### Assignment
Below are the records; copy each line in them that holds the word "bool".

Stored data

****

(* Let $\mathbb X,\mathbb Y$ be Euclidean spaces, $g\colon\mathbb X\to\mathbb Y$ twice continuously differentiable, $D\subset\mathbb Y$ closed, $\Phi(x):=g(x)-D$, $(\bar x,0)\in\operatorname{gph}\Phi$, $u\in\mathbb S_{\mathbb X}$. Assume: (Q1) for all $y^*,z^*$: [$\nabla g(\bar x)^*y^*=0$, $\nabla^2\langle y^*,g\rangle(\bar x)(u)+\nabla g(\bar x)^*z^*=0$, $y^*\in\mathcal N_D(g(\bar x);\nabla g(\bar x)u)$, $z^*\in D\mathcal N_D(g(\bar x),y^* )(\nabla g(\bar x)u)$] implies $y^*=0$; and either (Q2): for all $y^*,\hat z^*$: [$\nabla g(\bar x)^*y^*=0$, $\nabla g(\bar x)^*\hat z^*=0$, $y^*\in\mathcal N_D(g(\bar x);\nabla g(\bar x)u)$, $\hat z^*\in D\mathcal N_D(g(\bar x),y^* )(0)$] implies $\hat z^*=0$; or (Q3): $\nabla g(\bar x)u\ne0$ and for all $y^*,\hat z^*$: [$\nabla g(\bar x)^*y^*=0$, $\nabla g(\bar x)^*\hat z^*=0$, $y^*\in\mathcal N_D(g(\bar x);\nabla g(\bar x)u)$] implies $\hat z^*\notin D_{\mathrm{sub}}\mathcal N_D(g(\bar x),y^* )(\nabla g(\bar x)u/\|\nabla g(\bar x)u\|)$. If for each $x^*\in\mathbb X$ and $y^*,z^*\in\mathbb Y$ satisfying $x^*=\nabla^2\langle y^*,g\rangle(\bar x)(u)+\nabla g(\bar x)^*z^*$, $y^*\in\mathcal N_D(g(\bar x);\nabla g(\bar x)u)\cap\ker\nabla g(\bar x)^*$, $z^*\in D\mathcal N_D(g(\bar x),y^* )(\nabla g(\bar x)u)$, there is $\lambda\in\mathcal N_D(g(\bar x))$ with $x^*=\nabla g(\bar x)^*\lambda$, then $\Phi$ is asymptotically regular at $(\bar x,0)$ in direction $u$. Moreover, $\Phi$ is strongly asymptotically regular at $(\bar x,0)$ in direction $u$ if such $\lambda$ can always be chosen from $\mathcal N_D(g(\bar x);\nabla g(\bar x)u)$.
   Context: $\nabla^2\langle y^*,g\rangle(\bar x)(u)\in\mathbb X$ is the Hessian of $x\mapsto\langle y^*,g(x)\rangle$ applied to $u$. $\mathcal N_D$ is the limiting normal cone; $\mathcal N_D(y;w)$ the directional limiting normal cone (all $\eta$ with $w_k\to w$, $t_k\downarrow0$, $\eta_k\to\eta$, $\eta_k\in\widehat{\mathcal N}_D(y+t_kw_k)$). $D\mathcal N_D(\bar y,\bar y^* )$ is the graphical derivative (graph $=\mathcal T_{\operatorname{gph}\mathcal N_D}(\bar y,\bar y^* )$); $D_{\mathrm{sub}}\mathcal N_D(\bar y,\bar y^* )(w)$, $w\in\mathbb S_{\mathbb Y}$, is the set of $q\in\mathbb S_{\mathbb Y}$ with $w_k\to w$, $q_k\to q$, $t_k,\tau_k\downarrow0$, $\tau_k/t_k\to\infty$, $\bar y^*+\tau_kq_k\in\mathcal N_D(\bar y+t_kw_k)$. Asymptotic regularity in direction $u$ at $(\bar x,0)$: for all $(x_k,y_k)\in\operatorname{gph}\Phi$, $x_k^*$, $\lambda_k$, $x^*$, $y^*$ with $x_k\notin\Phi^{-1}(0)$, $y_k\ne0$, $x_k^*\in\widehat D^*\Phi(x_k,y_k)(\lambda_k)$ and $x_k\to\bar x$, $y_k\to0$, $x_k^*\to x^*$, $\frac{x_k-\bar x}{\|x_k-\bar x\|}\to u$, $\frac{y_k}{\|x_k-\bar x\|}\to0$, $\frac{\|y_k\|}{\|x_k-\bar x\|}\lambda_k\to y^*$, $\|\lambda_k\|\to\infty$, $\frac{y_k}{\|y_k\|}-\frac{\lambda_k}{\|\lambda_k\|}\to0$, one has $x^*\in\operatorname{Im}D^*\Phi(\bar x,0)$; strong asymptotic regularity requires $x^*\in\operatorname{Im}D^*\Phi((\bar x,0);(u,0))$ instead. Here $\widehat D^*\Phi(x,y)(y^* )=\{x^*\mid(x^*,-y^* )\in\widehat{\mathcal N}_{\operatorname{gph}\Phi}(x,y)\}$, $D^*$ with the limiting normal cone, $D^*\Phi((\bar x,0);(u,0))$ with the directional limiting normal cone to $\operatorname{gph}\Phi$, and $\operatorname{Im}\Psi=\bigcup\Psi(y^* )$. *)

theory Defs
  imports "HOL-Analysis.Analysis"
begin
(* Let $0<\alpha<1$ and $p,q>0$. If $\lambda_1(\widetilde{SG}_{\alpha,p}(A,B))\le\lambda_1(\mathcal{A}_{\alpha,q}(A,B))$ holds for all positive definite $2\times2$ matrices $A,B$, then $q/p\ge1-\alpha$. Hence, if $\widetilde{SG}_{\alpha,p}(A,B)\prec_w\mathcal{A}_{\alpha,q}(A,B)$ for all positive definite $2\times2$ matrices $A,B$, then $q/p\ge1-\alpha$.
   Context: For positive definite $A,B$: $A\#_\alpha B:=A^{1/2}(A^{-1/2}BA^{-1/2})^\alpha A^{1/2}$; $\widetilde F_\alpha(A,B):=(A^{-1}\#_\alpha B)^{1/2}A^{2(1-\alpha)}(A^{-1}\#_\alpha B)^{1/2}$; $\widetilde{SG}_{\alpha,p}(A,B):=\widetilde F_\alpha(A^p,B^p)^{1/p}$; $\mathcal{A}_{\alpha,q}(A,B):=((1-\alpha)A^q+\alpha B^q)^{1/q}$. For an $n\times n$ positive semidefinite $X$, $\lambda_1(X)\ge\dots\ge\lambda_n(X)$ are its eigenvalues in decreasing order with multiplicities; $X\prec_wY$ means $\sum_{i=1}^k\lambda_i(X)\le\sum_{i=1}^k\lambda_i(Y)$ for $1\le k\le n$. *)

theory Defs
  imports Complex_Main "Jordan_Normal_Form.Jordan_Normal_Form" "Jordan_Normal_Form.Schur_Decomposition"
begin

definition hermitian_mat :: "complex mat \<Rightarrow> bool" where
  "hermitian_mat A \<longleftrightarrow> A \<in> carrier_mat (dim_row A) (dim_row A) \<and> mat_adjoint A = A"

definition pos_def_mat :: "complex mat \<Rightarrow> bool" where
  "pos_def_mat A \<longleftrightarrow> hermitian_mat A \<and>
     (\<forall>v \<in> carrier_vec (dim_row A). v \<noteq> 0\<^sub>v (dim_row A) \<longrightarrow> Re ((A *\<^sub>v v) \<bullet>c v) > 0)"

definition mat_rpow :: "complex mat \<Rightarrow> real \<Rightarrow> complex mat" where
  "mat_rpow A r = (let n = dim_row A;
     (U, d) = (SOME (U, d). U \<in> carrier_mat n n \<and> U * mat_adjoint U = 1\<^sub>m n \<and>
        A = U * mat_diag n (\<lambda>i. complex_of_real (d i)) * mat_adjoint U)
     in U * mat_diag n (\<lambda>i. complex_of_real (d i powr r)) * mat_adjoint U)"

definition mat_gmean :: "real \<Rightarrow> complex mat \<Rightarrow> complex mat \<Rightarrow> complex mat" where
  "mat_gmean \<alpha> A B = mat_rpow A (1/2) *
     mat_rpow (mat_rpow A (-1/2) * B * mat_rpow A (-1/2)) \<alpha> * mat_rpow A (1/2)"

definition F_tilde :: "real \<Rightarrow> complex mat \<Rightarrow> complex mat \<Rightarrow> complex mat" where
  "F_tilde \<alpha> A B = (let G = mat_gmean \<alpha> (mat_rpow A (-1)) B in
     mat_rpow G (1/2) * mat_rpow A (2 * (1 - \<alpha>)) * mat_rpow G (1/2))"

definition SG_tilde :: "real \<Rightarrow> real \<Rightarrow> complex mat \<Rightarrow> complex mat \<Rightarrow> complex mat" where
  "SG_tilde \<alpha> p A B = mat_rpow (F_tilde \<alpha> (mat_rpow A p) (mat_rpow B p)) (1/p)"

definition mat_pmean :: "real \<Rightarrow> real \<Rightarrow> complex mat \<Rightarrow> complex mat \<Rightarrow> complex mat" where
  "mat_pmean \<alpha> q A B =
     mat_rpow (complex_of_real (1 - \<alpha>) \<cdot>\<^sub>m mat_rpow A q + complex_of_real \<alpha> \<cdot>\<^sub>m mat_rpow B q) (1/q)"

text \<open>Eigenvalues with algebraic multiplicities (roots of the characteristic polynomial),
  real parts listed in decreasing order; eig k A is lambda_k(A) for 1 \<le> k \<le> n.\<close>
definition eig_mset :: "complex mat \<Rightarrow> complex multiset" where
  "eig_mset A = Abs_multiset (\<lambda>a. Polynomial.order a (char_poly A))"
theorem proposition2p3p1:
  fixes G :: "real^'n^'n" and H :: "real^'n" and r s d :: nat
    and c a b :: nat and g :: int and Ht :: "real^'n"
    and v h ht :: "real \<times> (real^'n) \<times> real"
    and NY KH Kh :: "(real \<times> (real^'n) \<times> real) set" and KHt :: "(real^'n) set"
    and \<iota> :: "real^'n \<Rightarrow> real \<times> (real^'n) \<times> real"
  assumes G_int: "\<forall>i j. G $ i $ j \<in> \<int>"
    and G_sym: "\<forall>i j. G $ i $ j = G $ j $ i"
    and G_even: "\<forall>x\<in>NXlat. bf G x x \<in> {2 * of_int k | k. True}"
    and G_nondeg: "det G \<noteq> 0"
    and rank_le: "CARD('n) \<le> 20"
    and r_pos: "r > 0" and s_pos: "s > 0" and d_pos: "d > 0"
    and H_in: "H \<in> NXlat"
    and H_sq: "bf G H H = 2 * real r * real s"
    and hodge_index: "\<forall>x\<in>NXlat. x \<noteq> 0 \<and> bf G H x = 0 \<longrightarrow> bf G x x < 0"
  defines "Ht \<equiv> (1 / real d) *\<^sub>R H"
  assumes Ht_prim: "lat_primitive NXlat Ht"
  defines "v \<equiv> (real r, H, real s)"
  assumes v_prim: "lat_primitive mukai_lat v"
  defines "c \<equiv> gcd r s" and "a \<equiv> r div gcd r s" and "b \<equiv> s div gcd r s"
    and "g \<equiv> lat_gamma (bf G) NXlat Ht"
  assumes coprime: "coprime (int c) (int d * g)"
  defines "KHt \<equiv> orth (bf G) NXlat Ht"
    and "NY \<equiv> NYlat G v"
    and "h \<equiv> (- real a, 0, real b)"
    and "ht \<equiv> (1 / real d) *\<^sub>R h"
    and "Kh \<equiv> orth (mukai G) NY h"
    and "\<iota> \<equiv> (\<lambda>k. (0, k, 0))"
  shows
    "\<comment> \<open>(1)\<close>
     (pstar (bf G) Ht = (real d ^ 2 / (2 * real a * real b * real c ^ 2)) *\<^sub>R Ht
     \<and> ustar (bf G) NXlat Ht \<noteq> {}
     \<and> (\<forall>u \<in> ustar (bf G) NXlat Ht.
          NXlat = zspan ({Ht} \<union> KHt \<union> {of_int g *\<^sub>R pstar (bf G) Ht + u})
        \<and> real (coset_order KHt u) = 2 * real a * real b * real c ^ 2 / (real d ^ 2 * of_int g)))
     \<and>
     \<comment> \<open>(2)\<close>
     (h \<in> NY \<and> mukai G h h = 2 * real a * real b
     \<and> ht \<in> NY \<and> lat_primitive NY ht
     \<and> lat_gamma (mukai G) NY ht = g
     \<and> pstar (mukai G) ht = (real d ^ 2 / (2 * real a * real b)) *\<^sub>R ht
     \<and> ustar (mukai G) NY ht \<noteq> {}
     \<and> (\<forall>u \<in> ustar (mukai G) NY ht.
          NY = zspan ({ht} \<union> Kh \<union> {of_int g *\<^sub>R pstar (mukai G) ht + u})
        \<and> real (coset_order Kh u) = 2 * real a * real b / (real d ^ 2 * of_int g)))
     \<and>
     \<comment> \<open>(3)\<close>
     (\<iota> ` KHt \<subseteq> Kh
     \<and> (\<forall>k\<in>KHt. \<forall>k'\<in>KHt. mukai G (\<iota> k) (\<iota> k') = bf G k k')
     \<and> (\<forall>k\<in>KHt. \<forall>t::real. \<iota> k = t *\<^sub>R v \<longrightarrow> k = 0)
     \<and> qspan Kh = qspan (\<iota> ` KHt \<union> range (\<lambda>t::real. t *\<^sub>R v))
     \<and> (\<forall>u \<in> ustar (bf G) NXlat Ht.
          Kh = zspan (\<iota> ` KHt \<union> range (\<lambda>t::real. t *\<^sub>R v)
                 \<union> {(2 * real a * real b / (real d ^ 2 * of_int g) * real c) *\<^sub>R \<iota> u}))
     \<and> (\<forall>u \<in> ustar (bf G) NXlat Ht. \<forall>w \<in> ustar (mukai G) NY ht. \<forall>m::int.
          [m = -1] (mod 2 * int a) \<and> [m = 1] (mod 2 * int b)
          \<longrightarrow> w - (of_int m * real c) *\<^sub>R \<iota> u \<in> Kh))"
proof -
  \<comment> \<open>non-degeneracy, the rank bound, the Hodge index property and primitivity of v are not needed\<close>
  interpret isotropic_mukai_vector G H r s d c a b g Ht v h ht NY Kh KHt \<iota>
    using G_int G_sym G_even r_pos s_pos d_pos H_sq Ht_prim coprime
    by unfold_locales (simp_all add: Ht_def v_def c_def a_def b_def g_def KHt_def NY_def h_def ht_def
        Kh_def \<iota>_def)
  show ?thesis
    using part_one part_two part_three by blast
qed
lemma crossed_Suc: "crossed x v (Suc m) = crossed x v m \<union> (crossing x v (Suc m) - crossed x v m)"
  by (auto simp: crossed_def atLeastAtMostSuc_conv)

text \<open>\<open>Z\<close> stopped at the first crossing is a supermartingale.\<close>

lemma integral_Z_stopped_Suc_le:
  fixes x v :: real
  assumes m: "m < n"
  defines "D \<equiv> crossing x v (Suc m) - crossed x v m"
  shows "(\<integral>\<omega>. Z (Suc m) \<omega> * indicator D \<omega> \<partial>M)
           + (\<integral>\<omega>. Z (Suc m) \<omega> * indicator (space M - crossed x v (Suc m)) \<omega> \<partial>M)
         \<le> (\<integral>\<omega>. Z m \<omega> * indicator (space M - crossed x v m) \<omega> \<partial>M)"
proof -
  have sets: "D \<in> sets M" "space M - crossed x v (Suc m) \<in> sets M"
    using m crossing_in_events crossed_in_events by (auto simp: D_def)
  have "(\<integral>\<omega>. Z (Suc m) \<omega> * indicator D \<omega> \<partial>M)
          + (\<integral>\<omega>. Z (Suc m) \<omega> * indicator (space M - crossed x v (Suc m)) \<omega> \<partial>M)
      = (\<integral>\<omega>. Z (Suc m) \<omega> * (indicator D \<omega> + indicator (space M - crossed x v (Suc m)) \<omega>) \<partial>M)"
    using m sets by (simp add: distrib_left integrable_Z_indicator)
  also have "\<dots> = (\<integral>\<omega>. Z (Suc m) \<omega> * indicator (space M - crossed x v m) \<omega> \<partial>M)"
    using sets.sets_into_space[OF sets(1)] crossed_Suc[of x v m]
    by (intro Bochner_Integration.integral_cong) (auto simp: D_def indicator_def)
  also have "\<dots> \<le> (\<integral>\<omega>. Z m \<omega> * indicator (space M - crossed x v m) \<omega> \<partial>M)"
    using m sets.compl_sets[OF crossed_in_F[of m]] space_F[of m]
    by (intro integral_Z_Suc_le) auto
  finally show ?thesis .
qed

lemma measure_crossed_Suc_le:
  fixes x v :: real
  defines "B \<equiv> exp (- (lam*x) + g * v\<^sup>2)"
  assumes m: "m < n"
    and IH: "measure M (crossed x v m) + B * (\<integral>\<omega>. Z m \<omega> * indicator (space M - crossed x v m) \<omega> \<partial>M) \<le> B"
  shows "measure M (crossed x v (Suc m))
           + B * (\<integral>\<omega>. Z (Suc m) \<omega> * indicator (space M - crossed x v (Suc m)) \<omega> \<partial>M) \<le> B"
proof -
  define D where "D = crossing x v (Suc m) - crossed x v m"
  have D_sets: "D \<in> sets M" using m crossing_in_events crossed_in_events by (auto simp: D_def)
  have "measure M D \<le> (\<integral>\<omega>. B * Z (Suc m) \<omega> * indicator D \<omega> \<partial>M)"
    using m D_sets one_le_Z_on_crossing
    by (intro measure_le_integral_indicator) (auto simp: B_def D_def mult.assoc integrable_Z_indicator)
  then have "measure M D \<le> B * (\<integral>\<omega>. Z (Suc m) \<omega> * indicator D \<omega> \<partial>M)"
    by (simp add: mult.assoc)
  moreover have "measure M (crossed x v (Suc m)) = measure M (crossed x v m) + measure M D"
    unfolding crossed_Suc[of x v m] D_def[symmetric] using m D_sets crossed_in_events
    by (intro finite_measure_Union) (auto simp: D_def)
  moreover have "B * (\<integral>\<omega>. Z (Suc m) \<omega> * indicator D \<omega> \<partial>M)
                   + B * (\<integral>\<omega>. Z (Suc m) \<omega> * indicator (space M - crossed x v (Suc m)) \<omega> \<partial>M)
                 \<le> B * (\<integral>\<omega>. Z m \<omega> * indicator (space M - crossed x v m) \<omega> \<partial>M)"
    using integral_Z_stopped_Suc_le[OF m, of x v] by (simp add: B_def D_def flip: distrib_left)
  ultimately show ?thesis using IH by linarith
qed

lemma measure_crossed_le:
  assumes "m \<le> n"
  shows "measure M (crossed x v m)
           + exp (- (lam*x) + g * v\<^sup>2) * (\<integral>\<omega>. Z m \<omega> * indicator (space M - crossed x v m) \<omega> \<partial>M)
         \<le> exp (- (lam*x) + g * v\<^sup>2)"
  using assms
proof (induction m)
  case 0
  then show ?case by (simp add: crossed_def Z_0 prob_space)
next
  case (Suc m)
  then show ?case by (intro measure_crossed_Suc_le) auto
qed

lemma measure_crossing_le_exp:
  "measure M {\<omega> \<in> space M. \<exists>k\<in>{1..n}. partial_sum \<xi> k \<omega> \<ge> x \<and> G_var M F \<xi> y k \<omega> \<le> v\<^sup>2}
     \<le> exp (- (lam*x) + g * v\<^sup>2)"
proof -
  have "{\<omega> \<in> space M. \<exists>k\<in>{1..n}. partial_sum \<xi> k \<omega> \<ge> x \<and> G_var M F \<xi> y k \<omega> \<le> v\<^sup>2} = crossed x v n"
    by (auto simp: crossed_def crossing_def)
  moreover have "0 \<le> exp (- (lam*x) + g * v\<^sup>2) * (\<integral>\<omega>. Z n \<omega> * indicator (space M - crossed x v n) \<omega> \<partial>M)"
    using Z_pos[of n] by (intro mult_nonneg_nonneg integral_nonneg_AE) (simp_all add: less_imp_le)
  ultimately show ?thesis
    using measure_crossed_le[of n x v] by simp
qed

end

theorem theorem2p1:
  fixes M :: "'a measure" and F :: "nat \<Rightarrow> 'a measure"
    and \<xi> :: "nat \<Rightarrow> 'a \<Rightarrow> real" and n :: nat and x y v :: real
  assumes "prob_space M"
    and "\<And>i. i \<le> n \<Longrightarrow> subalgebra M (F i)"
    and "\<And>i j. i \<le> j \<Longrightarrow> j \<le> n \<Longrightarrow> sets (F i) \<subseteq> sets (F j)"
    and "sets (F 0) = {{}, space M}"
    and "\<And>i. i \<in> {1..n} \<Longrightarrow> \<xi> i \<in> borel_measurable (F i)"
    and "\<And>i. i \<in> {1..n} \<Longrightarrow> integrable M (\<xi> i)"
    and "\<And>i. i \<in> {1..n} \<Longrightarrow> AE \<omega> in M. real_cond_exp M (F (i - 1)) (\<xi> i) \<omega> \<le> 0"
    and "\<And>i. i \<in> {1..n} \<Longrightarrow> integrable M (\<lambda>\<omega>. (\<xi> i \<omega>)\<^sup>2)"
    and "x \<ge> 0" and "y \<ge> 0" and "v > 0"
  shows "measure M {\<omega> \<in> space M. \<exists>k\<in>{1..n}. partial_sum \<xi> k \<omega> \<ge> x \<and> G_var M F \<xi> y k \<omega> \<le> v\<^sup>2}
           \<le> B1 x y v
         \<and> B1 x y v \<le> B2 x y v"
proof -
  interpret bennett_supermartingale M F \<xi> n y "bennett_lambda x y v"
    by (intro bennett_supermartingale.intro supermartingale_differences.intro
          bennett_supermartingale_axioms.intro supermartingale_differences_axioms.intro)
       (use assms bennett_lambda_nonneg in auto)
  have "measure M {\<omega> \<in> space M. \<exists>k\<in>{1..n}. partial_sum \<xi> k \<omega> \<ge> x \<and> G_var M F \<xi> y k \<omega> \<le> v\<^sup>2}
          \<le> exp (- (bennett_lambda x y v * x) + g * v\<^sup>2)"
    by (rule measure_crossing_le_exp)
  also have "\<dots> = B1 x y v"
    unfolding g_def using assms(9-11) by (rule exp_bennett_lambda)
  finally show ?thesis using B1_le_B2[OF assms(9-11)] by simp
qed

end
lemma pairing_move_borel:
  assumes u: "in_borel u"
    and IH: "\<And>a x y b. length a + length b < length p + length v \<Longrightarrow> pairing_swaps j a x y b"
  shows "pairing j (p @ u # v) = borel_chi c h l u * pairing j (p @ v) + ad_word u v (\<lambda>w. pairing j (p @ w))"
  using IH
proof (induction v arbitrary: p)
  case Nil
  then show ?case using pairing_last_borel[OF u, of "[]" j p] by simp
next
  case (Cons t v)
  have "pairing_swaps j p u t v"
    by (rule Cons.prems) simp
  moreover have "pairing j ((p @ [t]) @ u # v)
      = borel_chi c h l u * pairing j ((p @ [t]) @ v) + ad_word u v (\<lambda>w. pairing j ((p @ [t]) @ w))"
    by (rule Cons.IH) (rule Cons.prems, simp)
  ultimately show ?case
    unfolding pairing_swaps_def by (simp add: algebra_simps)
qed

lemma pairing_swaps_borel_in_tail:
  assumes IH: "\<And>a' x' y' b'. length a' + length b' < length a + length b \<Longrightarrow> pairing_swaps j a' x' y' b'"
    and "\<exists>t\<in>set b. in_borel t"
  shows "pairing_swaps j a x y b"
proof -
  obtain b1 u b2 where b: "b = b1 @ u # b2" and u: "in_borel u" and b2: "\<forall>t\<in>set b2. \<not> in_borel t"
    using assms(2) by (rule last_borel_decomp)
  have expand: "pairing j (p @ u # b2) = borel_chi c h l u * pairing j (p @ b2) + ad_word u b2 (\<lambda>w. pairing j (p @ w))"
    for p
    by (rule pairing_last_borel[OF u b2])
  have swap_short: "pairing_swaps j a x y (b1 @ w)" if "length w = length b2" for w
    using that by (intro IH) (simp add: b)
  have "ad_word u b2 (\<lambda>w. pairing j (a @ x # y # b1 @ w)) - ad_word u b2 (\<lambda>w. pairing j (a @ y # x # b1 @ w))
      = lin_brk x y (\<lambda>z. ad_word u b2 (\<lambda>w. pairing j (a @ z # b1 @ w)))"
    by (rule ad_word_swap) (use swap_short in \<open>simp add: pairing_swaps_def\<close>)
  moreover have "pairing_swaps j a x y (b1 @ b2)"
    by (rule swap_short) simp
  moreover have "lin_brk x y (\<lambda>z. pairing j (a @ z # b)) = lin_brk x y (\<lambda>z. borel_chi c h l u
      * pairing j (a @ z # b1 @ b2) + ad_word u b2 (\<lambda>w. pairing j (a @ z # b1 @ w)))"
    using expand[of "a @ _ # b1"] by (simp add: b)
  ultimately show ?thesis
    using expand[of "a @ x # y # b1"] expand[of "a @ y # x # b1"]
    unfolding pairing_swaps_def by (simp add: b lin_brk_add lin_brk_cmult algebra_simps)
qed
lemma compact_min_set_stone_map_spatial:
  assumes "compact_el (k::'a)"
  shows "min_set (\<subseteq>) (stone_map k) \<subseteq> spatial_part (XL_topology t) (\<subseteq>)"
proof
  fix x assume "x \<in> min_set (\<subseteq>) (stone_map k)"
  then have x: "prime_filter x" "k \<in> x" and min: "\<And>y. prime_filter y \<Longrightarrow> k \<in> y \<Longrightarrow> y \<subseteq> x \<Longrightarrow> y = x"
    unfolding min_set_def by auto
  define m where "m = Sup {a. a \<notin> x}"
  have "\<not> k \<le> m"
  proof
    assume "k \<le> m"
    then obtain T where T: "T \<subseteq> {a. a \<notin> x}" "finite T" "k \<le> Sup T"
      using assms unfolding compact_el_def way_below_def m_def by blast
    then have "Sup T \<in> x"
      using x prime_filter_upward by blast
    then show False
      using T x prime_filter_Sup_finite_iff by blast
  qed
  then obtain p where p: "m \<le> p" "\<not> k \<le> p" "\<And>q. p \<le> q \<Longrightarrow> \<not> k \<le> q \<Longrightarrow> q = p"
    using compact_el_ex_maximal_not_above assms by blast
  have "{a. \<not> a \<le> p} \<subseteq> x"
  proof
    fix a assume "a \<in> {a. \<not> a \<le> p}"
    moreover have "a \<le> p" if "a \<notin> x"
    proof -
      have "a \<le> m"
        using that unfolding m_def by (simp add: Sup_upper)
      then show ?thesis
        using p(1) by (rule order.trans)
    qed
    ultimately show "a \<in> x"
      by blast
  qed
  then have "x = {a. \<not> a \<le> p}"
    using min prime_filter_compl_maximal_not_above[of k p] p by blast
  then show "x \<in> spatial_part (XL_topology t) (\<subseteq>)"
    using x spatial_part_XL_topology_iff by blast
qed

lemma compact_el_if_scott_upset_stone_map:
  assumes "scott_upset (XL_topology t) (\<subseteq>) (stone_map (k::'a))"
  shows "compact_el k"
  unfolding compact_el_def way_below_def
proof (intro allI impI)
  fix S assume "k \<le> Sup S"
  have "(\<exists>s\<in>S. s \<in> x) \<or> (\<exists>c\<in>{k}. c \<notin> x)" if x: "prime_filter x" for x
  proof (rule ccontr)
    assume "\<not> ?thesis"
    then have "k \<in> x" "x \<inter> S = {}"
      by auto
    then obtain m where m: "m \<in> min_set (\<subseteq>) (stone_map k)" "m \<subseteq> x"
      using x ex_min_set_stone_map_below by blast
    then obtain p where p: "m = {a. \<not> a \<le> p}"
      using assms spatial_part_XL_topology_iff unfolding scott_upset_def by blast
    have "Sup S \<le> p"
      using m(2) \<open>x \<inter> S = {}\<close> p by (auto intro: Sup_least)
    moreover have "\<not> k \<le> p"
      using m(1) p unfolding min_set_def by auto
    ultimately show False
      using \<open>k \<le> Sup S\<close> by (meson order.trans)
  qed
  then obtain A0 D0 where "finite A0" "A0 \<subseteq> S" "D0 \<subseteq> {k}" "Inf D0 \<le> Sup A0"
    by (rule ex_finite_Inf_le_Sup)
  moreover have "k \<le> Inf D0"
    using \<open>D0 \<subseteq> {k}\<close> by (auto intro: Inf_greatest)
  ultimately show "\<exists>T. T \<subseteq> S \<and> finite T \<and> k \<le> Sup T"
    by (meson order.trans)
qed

****

### Response for this exercise
definition hermitian_mat :: "complex mat \<Rightarrow> bool" where
definition pos_def_mat :: "complex mat \<Rightarrow> bool" where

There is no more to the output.